*** Supplied information Section Begins ***
(* Let $\Gamma$ be a $\mathbb Z^d$-periodic graph whose fundamental graph $\Gamma_*=(V_*,\mathcal E_* )$ is bipartite with parts $V_1,V_2$ (every edge of $\Gamma_*$ joins a vertex of $V_1$ to a vertex of $V_2$), and suppose $m=\#V_1-\#V_2>0$. Then $\{1\}$ is a degenerate spectral band of the normalized Laplacian $\Delta$ on $\Gamma$, of multiplicity at least $m$ (i.e. for every $\vartheta\in\mathbb T^d$, $1$ is an eigenvalue of $\Delta(\vartheta)$ of multiplicity at least $m$).
   Context: A $\mathbb Z^d$-periodic graph is a connected infinite graph $\Gamma=(V,\mathcal E)$, possibly with loops and multiple edges, on which $\mathbb Z^d$ acts freely by graph automorphisms, with finite vertex degrees and finite quotient graph $\Gamma_*=\Gamma/\mathbb Z^d=(V_*,\mathcal E_* )$. Each undirected edge is regarded as two oppositely oriented edges; $\mathcal A$ is the set of oriented edges, $\mathcal A_*=\mathcal A/\mathbb Z^d$; $\varkappa_v$ is the number of oriented edges starting at $v$. $(\Delta f)(v)=f(v)-\sum_{(v,u)\in\mathcal A}\frac{f(u)}{\sqrt{\varkappa_v\varkappa_u}}$ on $\ell^2(V)$. Fix a subtree of $\Gamma$ whose vertex set $V_0$ consists of $\#V_*$ pairwise non-equivalent vertices; write $v=v_0+[v]$ with $v_0\in V_0$, $[v]\in\mathbb Z^d$; edge index $\tau(u,v)=[v]-[u]$, defined on $\mathcal A_*$. For $\vartheta\in\mathbb T^d=\mathbb R^d/(2\pi\mathbb Z)^d$, $(\Delta(\vartheta)f)(v)=f(v)-\sum_{\mathbf e=(v,u)\in\mathcal A_*}\frac{e^{i\langle\tau(\mathbf e),\vartheta\rangle}}{\sqrt{\varkappa_v\varkappa_u}}f(u)$ on $\ell^2(V_* )$; $\Delta$ is unitarily equivalent to the direct integral of $\Delta(\vartheta)$ over $\mathbb T^d$. A degenerate band $\{\lambda_*\}$ of $\Delta$ means $\lambda_*$ is an eigenvalue of $\Delta$ of infinite multiplicity (equivalently an eigenvalue of $\Delta(\vartheta)$ for all $\vartheta$); its multiplicity is the multiplicity of $\lambda_*$ as an eigenvalue of $\Delta(\vartheta)$ for almost every $\vartheta$. *)

theory Defs
  imports "HOL-Analysis.Analysis" "Jordan_Normal_Form.Matrix_Kernel" "Jordan_Normal_Form.Char_Poly"
begin

text \<open>Fundamental graph data: vertices V_* = {0..<n}; oriented edges E (finite set);
  src/tgt; rv is the orientation reversal; tau e :: 'd => int is the edge index in Z^d.\<close>

definition periodic_data ::
  "nat \<Rightarrow> 'e set \<Rightarrow> ('e \<Rightarrow> nat) \<Rightarrow> ('e \<Rightarrow> nat) \<Rightarrow> ('e \<Rightarrow> 'e) \<Rightarrow> ('e \<Rightarrow> ('d::finite) \<Rightarrow> int) \<Rightarrow> bool" where
  "periodic_data n E src tgt rv tau \<longleftrightarrow>
     finite E \<and>
     (\<forall>e\<in>E. src e < n \<and> tgt e < n \<and> rv e \<in> E \<and> rv e \<noteq> e \<and> rv (rv e) = e \<and>
             src (rv e) = tgt e \<and> tgt (rv e) = src e \<and> tau (rv e) = - tau e)"

definition periodic_adj ::
  "'e set \<Rightarrow> ('e \<Rightarrow> nat) \<Rightarrow> ('e \<Rightarrow> nat) \<Rightarrow> ('e \<Rightarrow> 'd \<Rightarrow> int) \<Rightarrow> ((nat \<times> ('d \<Rightarrow> int)) \<times> (nat \<times> ('d \<Rightarrow> int))) set" where
  "periodic_adj E src tgt tau =
     {((v,k),(u,l)). \<exists>e\<in>E. src e = v \<and> tgt e = u \<and> l = (\<lambda>i. k i + tau e i)}"

definition periodic_connected ::
  "nat \<Rightarrow> 'e set \<Rightarrow> ('e \<Rightarrow> nat) \<Rightarrow> ('e \<Rightarrow> nat) \<Rightarrow> ('e \<Rightarrow> 'd \<Rightarrow> int) \<Rightarrow> bool" where
  "periodic_connected n E src tgt tau \<longleftrightarrow>
     (\<forall>v k u l. v < n \<longrightarrow> u < n \<longrightarrow> ((v,k),(u,l)) \<in> (periodic_adj E src tgt tau)\<^sup>*)"

definition kappa :: "'e set \<Rightarrow> ('e \<Rightarrow> nat) \<Rightarrow> nat \<Rightarrow> nat" where
  "kappa E src v = card {e\<in>E. src e = v}"

definition Delta_theta ::
  "nat \<Rightarrow> 'e set \<Rightarrow> ('e \<Rightarrow> nat) \<Rightarrow> ('e \<Rightarrow> nat) \<Rightarrow> ('e \<Rightarrow> ('d::finite) \<Rightarrow> int) \<Rightarrow> ('d \<Rightarrow> real) \<Rightarrow> complex mat" where
  "Delta_theta n E src tgt tau \<theta> =
     mat n n (\<lambda>(v,u). (if v = u then 1 else 0) -
        (\<Sum>e\<in>{e\<in>E. src e = v \<and> tgt e = u}.
            cis (\<Sum>i\<in>UNIV. real_of_int (tau e i) * \<theta> i)
            / complex_of_real (sqrt (real (kappa E src v) * real (kappa E src u)))))"

end

theory Submission imports Defs "Jordan_Normal_Form.DL_Rank" begin

text \<open>On a bipartite fundamental graph, \<open>\<Delta>(\<vartheta>) - 1\<close> has no entries
  inside a part, so its rows indexed by \<open>V\<^sub>1\<close> only see the coordinates in \<open>V\<^sub>2\<close>.
  Hence every vector vanishing on \<open>V\<^sub>2\<close> whose image vanishes on \<open>V\<^sub>2\<close> lies in the
  kernel; these are \<open>2 #V\<^sub>2\<close> linear conditions on \<open>#V\<^sub>1 + #V\<^sub>2\<close> unknowns, so the
  eigenspace of \<open>1\<close> has dimension at least \<open>#V\<^sub>1 - #V\<^sub>2\<close>, for every \<open>\<vartheta>\<close>.\<close>

lemma kernel_dim_mono:
  fixes A B :: "'a::field mat"
  assumes A: "A \<in> carrier_mat nr n" and B: "B \<in> carrier_mat nr' n"
    and sub: "mat_kernel A \<subseteq> mat_kernel B"
  shows "kernel_dim A \<le> kernel_dim B"
proof -
  interpret KA: kernel nr n A by (unfold_locales, rule A)
  interpret KB: kernel nr' n B by (unfold_locales, rule B)
  have "KA.Ker.fin_dim"
    using kernel_basis_exists[OF A] unfolding KA.Ker.fin_dim_def KA.Ker.basis_def by auto
  moreover have "KB.Ker.fin_dim"
    using kernel_basis_exists[OF B] unfolding KB.Ker.fin_dim_def KB.Ker.basis_def by auto
  moreover have "subspace class_ring (mat_kernel A) KB.VK"
  proof (intro subspace.intro submodule.intro)
    show "vectorspace class_ring KB.VK" by (rule KB.Ker.vectorspace_axioms)
    show "module class_ring KB.VK" by (rule KB.Ker.module_axioms)
    show "mat_kernel A \<subseteq> carrier KB.VK" using sub by simp
    show "\<zero>\<^bsub>KB.VK\<^esub> \<in> mat_kernel A" using KA.Ker.zero_closed by simp
  next
    fix v w assume "v \<in> mat_kernel A" "w \<in> mat_kernel A"
    then show "v \<oplus>\<^bsub>KB.VK\<^esub> w \<in> mat_kernel A" using KA.Ker.a_closed by simp
  next
    fix c :: 'a and v assume "c \<in> carrier class_ring" "v \<in> mat_kernel A"
    then show "c \<odot>\<^bsub>KB.VK\<^esub> v \<in> mat_kernel A" using KA.Ker.smult_closed by simp
  qed
  ultimately have "vectorspace.dim class_ring (KB.Ker.vs (mat_kernel A)) \<le> KB.dim"
    using KB.Ker.subspace_dim by simp
  then show ?thesis using A B by simp
qed

lemma kernel_dim_ge_cols_minus_rows:
  fixes A :: "'a::field mat"
  assumes A: "A \<in> carrier_mat nr nc"
  shows "nc - nr \<le> kernel_dim A"
proof -
  let ?B = "gauss_jordan_single A"
  from gauss_jordan_single[OF A refl]
  have B: "?B \<in> carrier_mat nr nc" and "row_echelon_form ?B" by auto
  then obtain f where "pivot_fun ?B f nc" unfolding row_echelon_form_def by auto
  then have "length (pivot_positions ?B) = card {i. i < nr \<and> row ?B i \<noteq> 0\<^sub>v nc}"
    using pivot_positions(4)[OF B] by blast
  also have "\<dots> \<le> card {..<nr}" by (rule card_mono) auto
  finally show ?thesis unfolding kernel_dim_code using A by auto
qed

lemma kernel_dim_pos_imp_nonzero_kernel_vec:
  fixes A :: "'a::field mat"
  assumes A: "A \<in> carrier_mat nr n" and pos: "0 < kernel_dim A"
  obtains v where "v \<in> mat_kernel A" "v \<noteq> 0\<^sub>v n"
proof (rule ccontr)
  assume "\<not> thesis"
  with that have "mat_kernel A \<subseteq> {0\<^sub>v n}" by blast
  then have "mat_kernel A \<subseteq> mat_kernel (1\<^sub>m n :: 'a mat)"
    using mat_kernelI[of "1\<^sub>m n :: 'a mat" n n "0\<^sub>v n"] by auto
  then have "kernel_dim A \<le> kernel_dim (1\<^sub>m n :: 'a mat)"
    by (rule kernel_dim_mono[OF A one_carrier_mat])
  also have "\<dots> = 0" using kernel_one_mat(1)[of n] unfolding kernel_dim_def by simp
  finally show False using pos by simp
qed

lemma eigenvalue_if_kernel_dim_pos:
  fixes A :: "'a::field mat"
  assumes A: "A \<in> carrier_mat n n" and pos: "0 < kernel_dim (A - e \<cdot>\<^sub>m 1\<^sub>m n)"
  shows "eigenvalue A e"
proof -
  have AE: "A - e \<cdot>\<^sub>m 1\<^sub>m n \<in> carrier_mat n n" by (rule minus_carrier_mat) simp
  have char: "char_matrix A e = A - e \<cdot>\<^sub>m 1\<^sub>m n"
    using A unfolding char_matrix_def by (intro eq_matI) auto
  obtain v where v: "v \<in> mat_kernel (A - e \<cdot>\<^sub>m 1\<^sub>m n)" "v \<noteq> 0\<^sub>v n"
    using kernel_dim_pos_imp_nonzero_kernel_vec[OF AE pos] .
  then have "v \<in> carrier_vec n" "(A - e \<cdot>\<^sub>m 1\<^sub>m n) *\<^sub>v v = 0\<^sub>v n"
    using mat_kernelD[OF AE] by auto
  then show ?thesis unfolding eigenvalue_char_matrix[OF A] char using v(2) by blast
qed

lemma mat_kernel_mat_of_rows_iff:
  assumes "set rs \<subseteq> carrier_vec n" and "x \<in> carrier_vec n"
  shows "x \<in> mat_kernel (mat_of_rows n rs) \<longleftrightarrow> (\<forall>r\<in>set rs. r \<bullet> x = 0)"
proof -
  have "row (mat_of_rows n rs) i = rs ! i" if "i < length rs" for i
    using that assms(1) by (intro mat_of_rows_row) auto
  then have "mat_of_rows n rs *\<^sub>v x = 0\<^sub>v (length rs) \<longleftrightarrow> (\<forall>i<length rs. rs ! i \<bullet> x = 0)"
    by (auto simp: vec_eq_iff)
  then show ?thesis
    unfolding mat_kernel[OF mat_of_rows_carrier(1)] using assms(2) by (auto simp: all_set_conv_all_nth)
qed

lemma kernel_dim_ge_card_diff_if_zero_block:
  fixes M :: "'a::field mat"
  assumes M: "M \<in> carrier_mat n n" and V: "V1 \<union> V2 = {0..<n}" "V1 \<inter> V2 = {}"
    and zero_block: "\<And>v u. v \<in> V1 \<Longrightarrow> u \<in> V1 \<Longrightarrow> M $$ (v,u) = 0"
  shows "card V1 - card V2 \<le> kernel_dim M"
proof -
  have fin: "finite V1" "finite V2" using V(1) by (metis finite_Un finite_atLeastLessThan)+
  have n: "n = card V1 + card V2" using card_Un_disjoint[OF fin V(2)] V(1) by simp
  define ws where "ws = sorted_list_of_set V2"
  define rs where "rs = map (row M) ws @ map (unit_vec n) ws"
  have ws: "set ws = V2" "length ws = card V2" using fin(2) by (simp_all add: ws_def)
  have rs: "set rs \<subseteq> carrier_vec n" "length rs = 2 * card V2"
    using M ws by (auto simp: rs_def)
  have N: "mat_of_rows n rs \<in> carrier_mat (2 * card V2) n" using mat_of_rows_carrier(1) rs(2) by metis
  have "mat_kernel (mat_of_rows n rs) \<subseteq> mat_kernel M"
  proof
    fix x assume xN: "x \<in> mat_kernel (mat_of_rows n rs)"
    then have x: "x \<in> carrier_vec n" using mat_kernelD[OF N] by blast
    with xN have orth: "\<forall>r\<in>set rs. r \<bullet> x = 0" using mat_kernel_mat_of_rows_iff[OF rs(1)] by blast
    have vanish_V2: "x $ u = 0" if u: "u \<in> V2" for u
    proof -
      have "unit_vec n u \<bullet> x = 0" using orth u ws(1) by (auto simp: rs_def)
      moreover have "u < n" using u V(1) by auto
      ultimately show ?thesis using x by simp
    qed
    have "(M *\<^sub>v x) $ v = 0" if v: "v < n" for v
    proof (cases "v \<in> V2")
      case True
      then show ?thesis using orth v M ws(1) by (auto simp: rs_def)
    next
      case False
      with v V(1) have "v \<in> V1" by auto
      have "(M *\<^sub>v x) $ v = (\<Sum>j\<in>{0..<n}. M $$ (v,j) * x $ j)"
        using v M x by (simp add: scalar_prod_def)
      also have "\<dots> = 0"
        using \<open>v \<in> V1\<close> zero_block vanish_V2 V(1) by (intro sum.neutral) auto
      finally show ?thesis .
    qed
    with M x show "x \<in> mat_kernel M" by (intro mat_kernelI[OF M x]) (auto intro: eq_vecI)
  qed
  then have "kernel_dim (mat_of_rows n rs) \<le> kernel_dim M" by (rule kernel_dim_mono[OF N M])
  moreover have "n - 2 * card V2 \<le> kernel_dim (mat_of_rows n rs)"
    by (rule kernel_dim_ge_cols_minus_rows[OF N])
  ultimately show ?thesis using n by simp
qed

lemma Delta_theta_minus_one_vanishes_on_independent_set:
  assumes "V \<subseteq> {0..<n}" and independent: "\<forall>e\<in>E. \<not> (src e \<in> V \<and> tgt e \<in> V)"
    and "v \<in> V" "u \<in> V"
  shows "(Delta_theta n E src tgt tau \<theta> - 1\<^sub>m n) $$ (v,u) = 0"
proof -
  have no_edge: "{e\<in>E. src e = v \<and> tgt e = u} = {}" using independent assms(3,4) by blast
  have "v < n" "u < n" using assms(1,3,4) by auto
  then show ?thesis by (simp add: Delta_theta_def no_edge)
qed

theorem theorem5p1:
  fixes n :: nat and E :: "'e set" and src tgt :: "'e \<Rightarrow> nat" and rv :: "'e \<Rightarrow> 'e"
    and tau :: "'e \<Rightarrow> ('d::finite) \<Rightarrow> int" and V1 V2 :: "nat set"
  assumes "periodic_data n E src tgt rv tau"
    and "periodic_connected n E src tgt tau"
    and "V1 \<union> V2 = {0..<n}" and "V1 \<inter> V2 = {}"
    and "\<forall>e\<in>E. (src e \<in> V1 \<and> tgt e \<in> V2) \<or> (src e \<in> V2 \<and> tgt e \<in> V1)"
    and "int (card V1) - int (card V2) > 0"
  shows "\<forall>\<theta> :: 'd \<Rightarrow> real.
           eigenvalue (Delta_theta n E src tgt tau \<theta>) 1 \<and>
           kernel_dim (Delta_theta n E src tgt tau \<theta> - 1\<^sub>m n) \<ge> nat (int (card V1) - int (card V2))"
proof (intro allI conjI)
  fix \<theta> :: "'d \<Rightarrow> real"
  let ?D = "Delta_theta n E src tgt tau \<theta>"
  have D: "?D \<in> carrier_mat n n" unfolding Delta_theta_def by simp
  have "\<forall>e\<in>E. \<not> (src e \<in> V1 \<and> tgt e \<in> V1)" using assms(4,5) by blast
  then have kd: "card V1 - card V2 \<le> kernel_dim (?D - 1\<^sub>m n)"
    using assms(3)
    by (intro kernel_dim_ge_card_diff_if_zero_block[OF _ assms(3,4)]
        Delta_theta_minus_one_vanishes_on_independent_set) auto
  then show "nat (int (card V1) - int (card V2)) \<le> kernel_dim (?D - 1\<^sub>m n)" by simp
  have "1 \<cdot>\<^sub>m 1\<^sub>m n = (1\<^sub>m n :: complex mat)" by (rule eq_matI) auto
  with kd assms(6) have "0 < kernel_dim (?D - 1 \<cdot>\<^sub>m 1\<^sub>m n)" by simp
  then show "eigenvalue ?D 1" by (rule eigenvalue_if_kernel_dim_pos[OF D])
qed

end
*** Supplied information Section Ends ***
The range runs from the line with "(rule card_mono) auto" up to and including the line with "mat_kernel (1\<^sub>m n" in the listing above; please write out exactly those lines and nothing more.

Task response:
  also have "\<dots> \<le> card {..<nr}" by (rule card_mono) auto
  finally show ?thesis unfolding kernel_dim_code using A by auto
qed

lemma kernel_dim_pos_imp_nonzero_kernel_vec:
  fixes A :: "'a::field mat"
  assumes A: "A \<in> carrier_mat nr n" and pos: "0 < kernel_dim A"
  obtains v where "v \<in> mat_kernel A" "v \<noteq> 0\<^sub>v n"
proof (rule ccontr)
  assume "\<not> thesis"
  with that have "mat_kernel A \<subseteq> {0\<^sub>v n}" by blast
  then have "mat_kernel A \<subseteq> mat_kernel (1\<^sub>m n :: 'a mat)"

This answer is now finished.